The engines would come to a roar, and then, the cars would power away from the grid fighting for position. A beautiful sunny day peered down on the thousands of spectators as they fought to catch a glimpse of the cars heading into the first turn. And to the amazement of spectators and the Maserati drivers, there would be this young dental student running in 4th place.
The surprise would continue lap after lap as Musso, Villoresi and Schell would be unable to shake the Englishman. On top of that, Leston would come all the way up from his 11th place starting spot to finish the first lap in 5th place. But considering the unreliability Connaught had experienced throughout the season, no one, even at Connaught, was getting all that excited.
But then, something happened. Brooks would make a move and would get around Schell for 3rd place. From then on, Brooks would continue to take chunks of time out of the advantage Villoresi held over him. It was clear Brooks was on a charge, a purely astonishing charge really.
In time, Brooks would reel in Villoresi and would eventually pass him for position. Villoresi would have a surprised look on his face when he found himself running behind the upstart green Connaught driven by a dental student. By the time the race was just 10 laps old, Brooks would find himself in 2nd place behind Musso. Leston had been running quite well but would push a little too hard and would spin on the 5th lap and would drop well down the order. This would take the fight out of Leston and he would pretty much just hold on from that point onward. That would be anything but true of Brooks.
Some of the Maserati threat began to falter. Roy Salvadori would be out of the race by the 15th lap with a broken fuel tank. Then there would be Louis Rosier. He would be running well at the start but would develop problem with his suspension and would be out of the race by the 17th lap. Still, there would be six 250Fs out on the circuit still running. And either one of them would be capable of unseating Brooks in the 2nd position.
They would have been able to unseat Brooks if they had been able to catch him which, on this day, would prove impossible. Musso would retain the lead but would find his lead dwindling with each and every lap of the race. Musso would not be all that concerned about this as he still held onto the belief the Connaught would not be able to last the distance. This would be the view just about every one of the spectators held onto as well.

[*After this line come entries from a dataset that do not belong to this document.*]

lemma Dn_neighbours:
  assumes "4 \<le> n" and "i < n"
  shows "{k \<in> {0..<n}. Dn_edge n (i + 1) (k + 1)} =
    (if i \<le> 1 then {2} else if i = 2 then {0, 1, 3} else {i - 1} \<union> (if i + 1 < n then {i + 1} else {}))"
  using assms unfolding Dn_edge_iff doubleton_eq_iff by auto

lemma index_mult_Dn_adj_vec:
  fixes v :: "real vec"
  assumes n: "4 \<le> n" and i: "i < n" and v: "v \<in> carrier_vec n"
  shows "(Dn_adj n *\<^sub>v v) $ i = (if i \<le> 1 then v $ 2 else if i = 2 then v $ 0 + v $ 1 + v $ 3
    else v $ (i - 1) + (if i + 1 < n then v $ (i + 1) else 0))"
proof -
  have "(Dn_adj n *\<^sub>v v) $ i = (\<Sum>k = 0..<n. if Dn_edge n (i + 1) (k + 1) then v $ k else 0)"
    using i v by (auto simp: Dn_adj_def scalar_prod_def intro!: sum.cong)
  also have "\<dots> = (\<Sum>k \<in> {k \<in> {0..<n}. Dn_edge n (i + 1) (k + 1)}. v $ k)"
    by (rule sum.inter_filter[symmetric]) simp
  also have "\<dots> = (if i \<le> 1 then v $ 2 else if i = 2 then v $ 0 + v $ 1 + v $ 3
    else v $ (i - 1) + (if i + 1 < n then v $ (i + 1) else 0))"
    unfolding Dn_neighbours[OF n i] using i by auto
  finally show ?thesis .
qed

definition walk_vec :: "nat \<Rightarrow> nat \<Rightarrow> real vec" where
  "walk_vec n j = (Dn_adj n ^\<^sub>m j) *\<^sub>v vec n (\<lambda>_. 1)"

lemma Dn_adj_carrier: "Dn_adj n \<in> carrier_mat n n"
  by (simp add: Dn_adj_def)

lemma walk_vec_carrier: "walk_vec n j \<in> carrier_vec n"
  unfolding walk_vec_def by (rule mult_mat_vec_carrier[OF pow_carrier_mat[OF Dn_adj_carrier]]) simp

lemma walk_vec_0: "walk_vec n 0 = vec n (\<lambda>_. 1)"
  using Dn_adj_carrier[of n] by (simp add: walk_vec_def)

lemma walk_vec_Suc: "walk_vec n (Suc j) = Dn_adj n *\<^sub>v walk_vec n j"
  unfolding walk_vec_def pow_mat_Suc_left[OF Dn_adj_carrier]
  using Dn_adj_carrier by (simp add: assoc_mult_mat_vec[of _ n n _ n])

lemma walk_vec_0_eq_1:
  assumes "4 \<le> n"
  shows "walk_vec n j $ 0 = walk_vec n j $ 1"
  using assms walk_vec_carrier by (cases j) (simp_all add: walk_vec_0 walk_vec_Suc index_mult_Dn_adj_vec)

text \<open>Index \<open>t\<close> of the folded vectors stands for vertex \<open>t + 2\<close> of \<open>D\<^sub>n\<close>; vertex 3 counts the
  merged pendant vertex 2 twice.\<close>

definition fold_step :: "nat \<Rightarrow> (nat \<Rightarrow> real) \<Rightarrow> nat \<Rightarrow> real" where
  "fold_step m x t = (if t = 0 then 0 else if t = 1 then 2 * x 0 else x (t - 1))
    + (if t + 1 < m then x (t + 1) else 0)"

fun folded_walk :: "nat \<Rightarrow> nat \<Rightarrow> nat \<Rightarrow> real" where
  "folded_walk m 0 = (\<lambda>_. 1)"
| "folded_walk m (Suc j) = fold_step m (folded_walk m j)"

definition folded_walk_mat :: "nat \<Rightarrow> real mat" where
  "folded_walk_mat m = mat m m (\<lambda>(i, j). folded_walk m j i)"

But, some would come to question their beliefs when Brooks managed to take over the lead of the race. Even though Musso believed the Connaught would not make the race distance he still could not stand to have the lead taken away from him. So, he would begin to push back causing the pace of the race to increase with each and every lap of the race. Three times the lap record would fall over the course of the race. And of those three times, two would come at the hand of Musso, trying so hard to break the Connaught.

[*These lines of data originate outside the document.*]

lemma bounded_clinear_compose:
  "bounded_clinear A \<Longrightarrow> bounded_clinear K \<Longrightarrow> bounded_clinear (A \<circ> K)"
  unfolding bounded_clinear_def
  by (auto simp: bounded_linear_compose[of A K, unfolded o_def[symmetric]])

lemma norm_le_onorm: "bounded_clinear A \<Longrightarrow> norm (A x) \<le> onorm A * norm x"
  by (rule onorm[OF bounded_clinear_bounded_linear])

lemma onorm_nonneg: "bounded_clinear A \<Longrightarrow> 0 \<le> onorm A"
  by (rule onorm_pos_le[OF bounded_clinear_bounded_linear])

lemma positive_op_Re_nonneg: "positive_op A \<Longrightarrow> 0 \<le> Re (cinner (A x) x)"
  unfolding positive_op_def by simp

lemma positive_op_id: "positive_op id"
  unfolding positive_op_def by (simp add: cinner_self_nonneg)

lemma positive_op_self_adjoint:
  fixes A :: "'a::complex_inner \<Rightarrow> 'a"
  assumes "bounded_clinear A" "positive_op A"
  shows "cinner (A x) y = cinner x (A y)"
proof -
  define a where "a = cinner (A x) y"
  define b where "b = cinner (A y) x"
  have real: "\<And>z. Im (cinner (A z) z) = 0" using assms(2) unfolding positive_op_def by simp
  have "Im (cinner (A (x + y)) (x + y)) = 0" by (rule real)
  then have "Im (cinner (A x) x) + Im a + Im b + Im (cinner (A y) y) = 0"
    unfolding a_def b_def using assms(1)
    by (simp add: bounded_clinear_add cinner_add_left cinner_add_right)
  then have Im_sum: "Im a + Im b = 0" using real[of x] real[of y] by simp
  have "Im (cinner (A (x + scaleC \<i> y)) (x + scaleC \<i> y)) = 0" by (rule real)
  then have "Im (cinner (A x) x + (- \<i>) * a + \<i> * b + cinner (A y) y) = 0"
    unfolding a_def b_def using assms(1)
    by (simp add: bounded_clinear_add bounded_clinear_scaleC cinner_add_left cinner_add_right
        cinner_scaleC_left cinner_scaleC_right algebra_simps)
  then have Re_diff: "Re b - Re a = 0" using real[of x] real[of y] by simp
  have "b = cnj a" using Im_sum Re_diff by (simp add: complex_eq_iff)
  then show ?thesis unfolding a_def b_def by (metis cinner_commute complex_cnj_cnj)
qed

Each would use the advantages of their cars to their betterment. However, Brooks would have the biggest advantage in that his B-Type would be equipped with disc brakes, which enabled him to go deeper into corners before needing to brake. Additionally, Brooks was aware that at the pace the two were running, is disc brakes would last longer than the drum brakes on Musso's Maserati. Therefore, as Musso pushed, Brooks would respond.
Connaught had come into the race the clear underdog. But on this day, it certainly seemed as though David was playing with Goliath. And, by the halfway mark in the race, the giant would be slain as Brooks would power past into the lead and would begin to draw away with the lead.

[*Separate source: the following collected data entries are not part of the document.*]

lemma shifted_prod_diff_eq_prod:
  "b < 1 \<or> c < 1 \<Longrightarrow> shifted_prod_diff j a b c e = ogf_int a b * ogf_int c e"
  by (auto simp: shifted_prod_diff_def ogf_int_def)

lemma nonneg_coeffs2_shifted_prod_diff:
  assumes "c \<le> a + 1" "b \<le> e + 1" "int j \<le> (a + 1 - c) + (e + 1 - b)"
  shows "nonneg_coeffs2 (shifted_prod_diff j a b c e)"
  using assms
proof (induction "nat (a + b + c + e)" arbitrary: a b c e j rule: less_induct)
  case less
  let ?P = "\<lambda>j a b c e. nonneg_coeffs2 (shifted_prod_diff j a b c e)"
  show ?case
  proof (cases "b < 1 \<or> c < 1")
    case True
    then show ?thesis
      by (simp add: shifted_prod_diff_eq_prod nonneg_coeffs2_mult nonneg_coeffs2_ogf_int)
  next
    case False
    with less.prems have "0 \<le> a" "0 \<le> e" "1 \<le> b" "1 \<le> c"
      by linarith+
    then have IH: "?P j' a' b' c' e'"
      if "a' + b' + c' + e' < a + b + c + e" "c' \<le> a' + 1" "b' \<le> e' + 1"
        "int j' \<le> (a' + 1 - c') + (e' + 1 - b')" for j' a' b' c' e'
      using less.hyps that by simp
    note rec = shifted_prod_diff_rec_left_largest[OF \<open>0 \<le> a\<close> \<open>1 \<le> b\<close>]
      shifted_prod_diff_rec_left_parts[OF \<open>0 \<le> a\<close> \<open>1 \<le> b\<close>]
      shifted_prod_diff_rec_right_largest[OF \<open>1 \<le> c\<close> \<open>0 \<le> e\<close>]
      shifted_prod_diff_rec_right_parts[OF \<open>1 \<le> c\<close> \<open>0 \<le> e\<close>]
    consider
      "c \<le> a" "int j < (a + 1 - c) + (e + 1 - b)"
    | j' where "c \<le> a" "j = Suc j'"
    | j' where "c = a + 1" "b \<le> e" "j = Suc j'"
    | "c = a + 1" "b \<le> e" "j = 0"
    | "c = a + 1" "b = e + 1" "j = 0"
      using less.prems not0_implies_Suc by fastforce
    then show ?thesis
    proof cases
      case 1
      then have "?P j (a - 1) b c e" "?P (Suc j) a (b - 1) c e" "?P (Suc j) (a - 1) (b - 1) c e"
        using less.prems \<open>1 \<le> b\<close> by (intro IH; linarith)+
      then show ?thesis
        using rec(1) by (simp add: nonneg_coeffs2_shift)
    next
      case 2
      then have "?P (Suc j') a (b - 1) c e" "?P j' (a - 1) b c e" "?P j' (a - 1) (b - 1) c e"
        using less.prems \<open>1 \<le> b\<close> by (intro IH; linarith)+
      then show ?thesis
        using rec(2)[of j'] 2 by (simp add: nonneg_coeffs2_shift)
    next
      case 3
      then have "?P (Suc j') a b (c - 1) e" "?P j' a b c (e - 1)" "?P j' a b (c - 1) (e - 1)"
        using less.prems \<open>1 \<le> c\<close> by (intro IH; linarith)+
      then show ?thesis
        using rec(3)[of j'] 3 by (simp add: nonneg_coeffs2_shift)
    next
      case 4
      then have "?P j a b c (e - 1)" "?P (Suc j) a b (c - 1) e" "?P (Suc j) a b (c - 1) (e - 1)"
        using less.prems \<open>1 \<le> c\<close> by (intro IH; linarith)+
      then show ?thesis
        using rec(4) by (simp add: nonneg_coeffs2_shift)
    next
      case 5
      then show ?thesis
        by (simp add: shifted_prod_diff_def nonneg_coeffs2_0)
    qed
  qed
qed

lemma obinom_eq_ogf_int: "k \<le> n \<Longrightarrow> obinom n k = ogf_int (int n - int k) (int k)"
  by (simp add: obinom_eq_ogf ogf_int_def nat_diff_distrib)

Musso still held out hope the Connaught would falter. But even though he had the lead well in hand, Brooks would only increase his pace until, with about 15 laps remaining in the race, he would take his turn breaking the lap record. He would do so with an incredible time of 2:00.2. This time would be nearly three and a half seconds faster than Musso's qualifying effort and would boast of an average speed in excess of 102 mph around the 3.48 mile circuit.
Brooks would be leading the race by nearly fifty seconds. It was beginning to dawn on a number of people that these British upstarts could actually pull off the victory. This reality also began to sink in to those at Connaught as well. All of a sudden, racing history would be flooding back to mind. And if Brooks could hold on, Connaught would be the first British manufacturer to win a major grand prix since Seagrave's victory in a Sunbeam all the way back in 1924 at the San Sebastian Grand Prix.
All of a sudden, things would change with those at Connaught. Taking on the giants had been one thing. Now they had the lead and the victory in hand. Now the focus would change. And this is when the tension would rise. It would be absolutely perfect having a dental student behind the wheel of the car. Being a dental student Brooks would need to have a steady hand under intense pressure. And in the closing stages of the race, that is exactly what Brooks would be facing.
The only way to deal with the situation was to continue to put the focus back on the challenge offered by Musso. But with just a couple of laps remaining it was more than clear Musso could not close the gap. Therefore, the team would give the signal to Brooks to slow to a point to hold the gap steady. This only made the tension worse.
Convinced the Connaught would fail, Musso would see the B-Type disappear into the distance and run without issue for around two and a half hours. The Maserati fleet would be soundly beaten. Even Villoresi, still running in 3rd place, would find himself a little more than a lap behind and nearly utterly shocked by the sight of the Connaught having come by a second time.
So many firsts would be achieved as Brooks cruised across the line to take the victory. Not only would Brooks break the track record, but he would provide the first win for a car with disc brakes, it would be the first win for a British manufacturer since 1924. It would be the first major Formula One grand prix win for Connaught Engineering. What's more, it would be the first victory for a British car that had been conceived, built and developed in the country that had gone on to take a major grand prix victory.
Musso would be soundly beaten. He would cross the line over fifty seconds behind Brooks in 2nd place. Villoresi would hold on to finish in 3rd place. He would finish the race a little more than two laps behind Brooks. Les Leston would also bring home the second Connaught. After his early spin that would drop him to the back of the field, he would focus on being consistent and steady from then on, instead of trying to challenge the rest of those at the front. He would end the race over eight laps behind Brooks in 9th place. But while the performances couldn't have been more vastly different, it was still good for Connaught to have both of its cars come home, victory or not.
The scene would be electric. And yet, there would be Brooks. Sitting quietly, people could have passed right by him without having even a thought that it was actually he that won the race. But while the scrutineers dove into the Connaught looking for anything illegal, Musso would realize who had clearly won that day. He would come over to Brooks and would congratulate him and would be the one to actually encourage Brooks to attend the prize ceremony.
Even by the early evening hours, the Connaught pit continued to celebrate while the other teams had already left, or, were in the process of heading out. It was a momentous moment for Connaught. Amazingly, it would be all the more momentous for what Connaught had managed to achieve as a British manufacturer, and, as a manufacturer that had been barely able to stay above water all season long. Fighting as if it was their last breath at each and every race, the Gran Premio di Siracusa would provide at least some relief to a team that had battled and battled all season long.
It was clear by Brooks' performance in the race that Connaught had a car that was capable of competing with the biggest manufacturers and names in Formula One, as long as the conditions were right. It would be amazing and mesmerizing to think that Connaught had almost not gone to Syracuse. And had they not, what a different mood there would have been at Connaught?
Because they did decide to make the trip, Connaught Engineering would end the season on the highest of highs. Whereas had the season truly ended for the manufacturer after Oulton Park, it is highly unlikely the team would have looked forward to 1956 with an excitement. But all of that would change now.